Assignment:
For the records that follow, give the number of lines in which the word "assms" occurs, with nothing added.

Data records: Begin

lemma sum_valuations_restrict_valued_items:
  assumes "A \<subseteq> {..<n}"
  shows "(\<Sum>i\<in>A. \<Sum>j<m. v i j * h i j) = (\<Sum>j\<in>valued_items A. \<Sum>i\<in>A. v i j * h i j)"
proof -
  have "v i j = 0" if "j \<in> {..<m} - valued_items A" "i \<in> A" for i j
    using that assms v_binary unfolding valued_items_def by blast
  then have "(\<Sum>j<m. \<Sum>i\<in>A. v i j * h i j) = (\<Sum>j\<in>valued_items A. \<Sum>i\<in>A. v i j * h i j)"
    by (intro sum.mono_neutral_right) (auto simp: valued_items_def)
  then show ?thesis by (simp add: sum.swap[of _ A])
qed

lemma valued_bundles_le_item_totals:
  assumes fy: "feas y" and A: "A \<subseteq> {..<n}"
  shows "(\<Sum>i\<in>A. \<Sum>j<m. v i j * (\<Sum>t<T. y i j t))
    \<le> (\<Sum>j\<in>valued_items A. item_total n T y j)"
  unfolding sum_valuations_restrict_valued_items[OF A]
proof (intro sum_mono)
  fix j assume "j \<in> valued_items A"
  then have j: "j < m" by (simp add: valued_items_def)
  have "(\<Sum>i\<in>A. v i j * (\<Sum>t<T. y i j t)) \<le> (\<Sum>i\<in>A. \<Sum>t<T. y i j t)"
  proof (intro sum_mono)
    fix i assume "i \<in> A"
    then have i: "i < n" using A by auto
    show "v i j * (\<Sum>t<T. y i j t) \<le> (\<Sum>t<T. y i j t)"
      using v_binary[OF i j] feasible_holding_nonneg[OF fy i j] by auto
  qed
  also have "\<dots> \<le> (\<Sum>i<n. \<Sum>t<T. y i j t)"
    using A feasible_holding_nonneg[OF fy _ j] by (intro sum_mono2) auto
  also have "\<dots> = item_total n T y j" unfolding item_total_def by (rule sum.swap)
  finally show "(\<Sum>i\<in>A. v i j * (\<Sum>t<T. y i j t)) \<le> item_total n T y j" .
qed

lemma saturated_and_fair_valued_bundles_eq_item_totals:
  assumes fx: "feas x" and sf: "saturated_and_fair x" and A: "A = {i\<in>{..<n}. util x i \<le> c}"
  shows "(\<Sum>i\<in>A. \<Sum>j<m. v i j * (\<Sum>t<T. x i j t))
    = (\<Sum>j\<in>valued_items A. item_total n T x j)"
proof -
  have A_sub: "A \<subseteq> {..<n}" using A by auto
  have "(\<Sum>i\<in>A. v i j * (\<Sum>t<T. x i j t)) = item_total n T x j"
    if valued: "j \<in> valued_items A" for j
  proof -
    obtain i0 where i0: "i0 \<in> A" "v i0 j = 1" and j: "j < m" using valued
      by (auto simp: valued_items_def)
    have "i0 < n" using i0(1) A_sub by auto
    then have holders: "\<forall>k<n. (\<Sum>t<T. x k j t) > 0 \<longrightarrow> v k j = 1 \<and> util x k \<le> util x i0"
      using sf j i0(2) unfolding saturated_and_fair_def by blast
    have "(if i \<in> A then v i j * (\<Sum>t<T. x i j t) else 0) = (\<Sum>t<T. x i j t)" if "i < n" for i
    proof (cases "(\<Sum>t<T. x i j t) > 0")
      case True
      then have "v i j = 1" "util x i \<le> util x i0" using holders that by auto
      moreover have "util x i0 \<le> c" using i0(1) A by simp
      ultimately show ?thesis using A that by simp
    next
      case False
      then show ?thesis using feasible_holding_nonneg[OF fx that j] by auto
    qed
    then have "(\<Sum>i<n. if i \<in> A then v i j * (\<Sum>t<T. x i j t) else 0) = (\<Sum>i<n. \<Sum>t<T. x i j t)"
      by (intro sum.cong) auto
    moreover have "(\<Sum>i<n. if i \<in> A then v i j * (\<Sum>t<T. x i j t) else 0)
        = (\<Sum>i\<in>A. v i j * (\<Sum>t<T. x i j t))"
      using A_sub by (simp add: sum.inter_restrict[symmetric] Int_absorb1)
    moreover have "item_total n T x j = (\<Sum>i<n. \<Sum>t<T. x i j t)"
      unfolding item_total_def by (rule sum.swap)
    ultimately show ?thesis by simp
  qed
  then show ?thesis
    unfolding sum_valuations_restrict_valued_items[OF A_sub] by (intro sum.cong) auto
qed
definition ext_tri ::
  "('a \<Rightarrow> 'a \<Rightarrow> 'a) \<Rightarrow> ('r::ring_1 \<Rightarrow> 'm::ab_group_add \<Rightarrow> 'm) \<Rightarrow> ('a \<Rightarrow> 'a \<Rightarrow> 'r) \<Rightarrow>
   ('a \<Rightarrow> 'a \<Rightarrow> 'r) \<Rightarrow> ('a \<Rightarrow> 'a \<Rightarrow> 'm) \<Rightarrow> ('a \<times> 'm) \<Rightarrow> ('a \<times> 'm) \<Rightarrow> ('a \<times> 'm)" where
  "ext_tri tri s f1 f2 \<phi>1 =
     (\<lambda>(x, u) (y, v). (tri x y, s (f1 x y) u + s (f2 x y) v + \<phi>1 x y))"

end

theory Submission
  imports Defs
begin

text \<open>
  The MCQ axioms for the extension are compared componentwise. The second components are affine in the module coordinates \<open>u, v, w\<close>;
  their linear parts follow from (A1)--(A4) and their constant parts from (T1)--(T5), once one
  observes that on pairs from a single group \<open>G\<^sub>\<lambda>\<close> these conditions pin down \<open>f\<^sub>1\<close>, \<open>f\<^sub>2\<close> and
  \<open>\<phi>\<^sub>1\<close> in terms of \<open>f\<^sub>1(a, a\<^sup>-\<^sup>1)\<close> and \<open>\<phi>\<^sub>2\<close>, which is what axiom (i) of the extension
  requires. Conversely, for \<open>M = R\<close> the second components may be evaluated at coordinates
  \<open>0\<close> and \<open>1\<close>; subtracting the evaluations separates every coefficient identity.
\<close>

lemma lmodule_simps:
  assumes "lmodule s"
  shows "s r (u + v) = s r u + s r v" "s (r + q) u = s r u + s q u"
    "s (r * q) u = s r (s q u)" "s 1 u = u"
    "s r 0 = 0" "s 0 u = 0" "s r (- u) = - s r u" "s (- r) u = - s r u"
    "s r (u - v) = s r u - s r v" "s (r - q) u = s r u - s q u"
proof -
  have add_right: "\<And>r u v. s r (u + v) = s r u + s r v"
    and add_left: "\<And>r q u. s (r + q) u = s r u + s q u"
    using assms unfolding lmodule_def by auto
  show "s r (u + v) = s r u + s r v" "s (r + q) u = s r u + s q u"
    "s (r * q) u = s r (s q u)" "s 1 u = u" using assms unfolding lmodule_def by auto
  have zero_right: "\<And>r. s r 0 = 0" using add_right[of _ 0 0] by simp
  have zero_left: "\<And>u. s 0 u = 0" using add_left[of 0 0] by simp
  show "s r 0 = 0" "s 0 u = 0" by (fact zero_right, fact zero_left)
  have neg_right: "\<And>r u. s r (- u) = - s r u"
    by (metis add_right zero_right add.right_inverse add_eq_0_iff)
  have neg_left: "\<And>r u. s (- r) u = - s r u"
    by (metis add_left zero_left add.right_inverse add_eq_0_iff)
  show "s r (- u) = - s r u" "s (- r) u = - s r u" by (fact neg_right, fact neg_left)
  show "s r (u - v) = s r u - s r v"
    using add_right[of r u "- v"] neg_right[of r v] by (simp only: diff_conv_add_uminus)
  show "s (r - q) u = s r u - s q u"
    using add_left[of r "- q" u] neg_left[of q u] by (simp only: diff_conv_add_uminus)
qed

lemma ext_group_carrier: "carrier (ext_group G s f1 \<phi>2 l e) = carrier (G l) \<times> UNIV"
  by (simp add: ext_group_def)

lemma ext_group_mult: "(a, u) \<otimes>\<^bsub>ext_group G s f1 \<phi>2 l e\<^esub> (b, v)
    = (a \<otimes>\<^bsub>G l\<^esub> b, u + s (f1 a (inv\<^bsub>G l\<^esub> a)) v + \<phi>2 a b)"
  by (simp add: ext_group_def)

lemma ext_group_one: "\<one>\<^bsub>ext_group G s f1 \<phi>2 l e\<^esub> = e"
  by (simp add: ext_group_def)

lemma mcq_set_ext_group:
  "mcq_set Lam (\<lambda>l. ext_group G s f1 \<phi>2 l (e l)) = mcq_set Lam G \<times> UNIV"
  by (auto simp: mcq_set_def ext_group_carrier)

lemma ext_tri_apply:
  "ext_tri tri s f1 f2 \<phi>1 (x, u) (y, v) = (tri x y, s (f1 x y) u + s (f2 x y) v + \<phi>1 x y)"
  by (simp add: ext_tri_def)

locale multiple_conjugation_quandle =
  fixes Lam :: "'l set" and G :: "'l \<Rightarrow> 'a monoid" and tri :: "'a \<Rightarrow> 'a \<Rightarrow> 'a"
  assumes mcq: "mcq Lam G tri"
begin
section \<open>The numerical index of Lipschitz maps\<close>

lemma lip_norm_eq_1:
  fixes T :: "'a::real_normed_vector \<Rightarrow> 'a"
  assumes "T \<in> Lip0" and "\<exists>x::'a. x \<noteq> 0" and "lip_norm T = 1"
  shows lip_norm_eq_1_nonexpansive: "norm (T x - T y) \<le> norm (x - y)"
    and lip_norm_eq_1_almost_attained: "\<epsilon> > 0 \<Longrightarrow> \<exists>u v. u \<noteq> v \<and> (1 - \<epsilon>) * norm (u - v) < norm (T u - T v)"
proof -
  define R where "R = {norm (T x - T y) / norm (x - y) | x y. x \<noteq> y}"
  obtain C where C: "lipschitz_on C UNIV T" using assms(1) by (auto simp: Lip0_def)
  have "bdd_above R"
  proof (rule bdd_aboveI)
    fix r assume "r \<in> R"
    then obtain x y where "x \<noteq> y" "r = norm (T x - T y) / norm (x - y)" by (auto simp: R_def)
    moreover have "norm (T x - T y) \<le> C * norm (x - y)" using lipschitz_onD[OF C] by (simp add: dist_norm)
    ultimately show "r \<le> C" by (simp add: divide_le_eq)
  qed
  have "R \<noteq> {}" using assms(2) by (auto simp: R_def)
  have "Sup R = 1" using assms(3) by (simp add: lip_norm_def R_def)
  show "norm (T x - T y) \<le> norm (x - y)"
  proof (cases "x = y")
    case False
    then have "norm (T x - T y) / norm (x - y) \<le> Sup R"
      using \<open>bdd_above R\<close> by (intro cSup_upper) (auto simp: R_def)
    then show ?thesis using False \<open>Sup R = 1\<close> by (simp add: divide_le_eq)
  qed simp
  assume "\<epsilon> > 0"
  then obtain r where "r \<in> R" "1 - \<epsilon> < r" using less_cSupD[OF \<open>R \<noteq> {}\<close>] \<open>Sup R = 1\<close> by force
  then obtain u v where "u \<noteq> v" "1 - \<epsilon> < norm (T u - T v) / norm (u - v)" by (auto simp: R_def)
  then show "\<exists>u v. u \<noteq> v \<and> (1 - \<epsilon>) * norm (u - v) < norm (T u - T v)"
    by (intro exI[of _ u] exI[of _ v]) (simp add: less_divide_eq)
qed

lemma Dset_norm_le:
  assumes "f \<in> Dset K sm x" and "x \<noteq> 0"
  shows "cmod (f y) \<le> norm x * norm y"
proof -
  have f: "f \<in> dual K sm" using assms by (simp add: Dset_def)
  have "onorm f * norm x = norm x * norm x" using assms by (simp add: Dset_def power2_eq_square)
  then have "onorm f = norm x" using \<open>x \<noteq> 0\<close> by simp
  then show ?thesis using onorm[OF dualD(1)[OF f]] by simp
qed

lemma omega_quotient_le_1:
  assumes "\<And>x y. norm (T x - T y) \<le> norm (x - y)" and "f \<in> Dset K sm (x - y)"
  shows "cmod (f (T x - T y)) / (norm (x - y))\<^sup>2 \<le> 1"
proof (cases "x = y")
  case False
  have "cmod (f (T x - T y)) \<le> norm (x - y) * norm (x - y)"
    using Dset_norm_le[OF assms(2), of "T x - T y"] False mult_left_mono[OF assms(1)[of x y]]
    by (simp add: order_trans)
  then show ?thesis using False by (simp add: power2_eq_square divide_le_eq_1)
qed simp

lemma rotated_norming_functional_in_Dset:
  assumes ss: "scalar_setting K sm" and G: "G \<in> dual K sm" "onorm G = 1" "G z = 1"
    and "norm z = 1" and \<beta>: "\<beta> \<in> unimod K" and "s > 0"
  shows "(\<lambda>y. (complex_of_real s * cnj \<beta>) * G y) \<in> Dset K sm (s *\<^sub>R sm \<beta> z)"
proof -
  define F where "F y = (complex_of_real s * cnj \<beta>) * G y" for y
  have "complex_of_real s * cnj \<beta> \<in> K"
    using scalar_setting_mult[OF ss scalar_setting_of_real[OF ss] scalar_setting_cnj[OF ss unimodD(1)[OF \<beta>]]] .
  then have F: "F \<in> dual K sm" unfolding F_def by (rule dual_cmult[OF ss G(1)])
  have "\<beta> * cnj \<beta> = 1" using complex_norm_square[of \<beta>] unimodD(2)[OF \<beta>] by simp
  have cmod_F: "cmod (F y) = s * cmod (G y)" for y
    using \<open>s > 0\<close> unimodD(2)[OF \<beta>] by (simp add: F_def norm_mult)
  have "onorm F = s"
  proof (rule antisym)
    show "onorm F \<le> s"
      using onorm[OF dualD(1)[OF G(1)]] G(2) \<open>s > 0\<close> by (intro onorm_bound) (auto simp: cmod_F)
    show "s \<le> onorm F" using le_onorm[OF dualD(1)[OF F], of z] cmod_F[of z] G(3) \<open>norm z = 1\<close> by simp
  qed
  have "norm (s *\<^sub>R sm \<beta> z) = s" using norm_sm_unimod[OF ss \<beta>] \<open>norm z = 1\<close> \<open>s > 0\<close> by simp
  moreover have "F (s *\<^sub>R sm \<beta> z) = complex_of_real (s * s)"
  proof -
    have "F (s *\<^sub>R sm \<beta> z) = s *\<^sub>R (\<beta> * F z)"
      using linear_scale[OF bounded_linear.linear[OF dualD(1)[OF F]]] dualD(3)[OF F unimodD(1)[OF \<beta>]] by simp
    also have "\<dots> = complex_of_real (s * s) * (\<beta> * cnj \<beta>)" by (simp add: F_def G(3) scaleR_conv_of_real)
    finally show ?thesis using \<open>\<beta> * cnj \<beta> = 1\<close> by simp
  qed
  ultimately show ?thesis using F \<open>onorm F = s\<close> by (simp add: Dset_def F_def[abs_def] power2_eq_square)
qed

Data records: End

Answer below:
9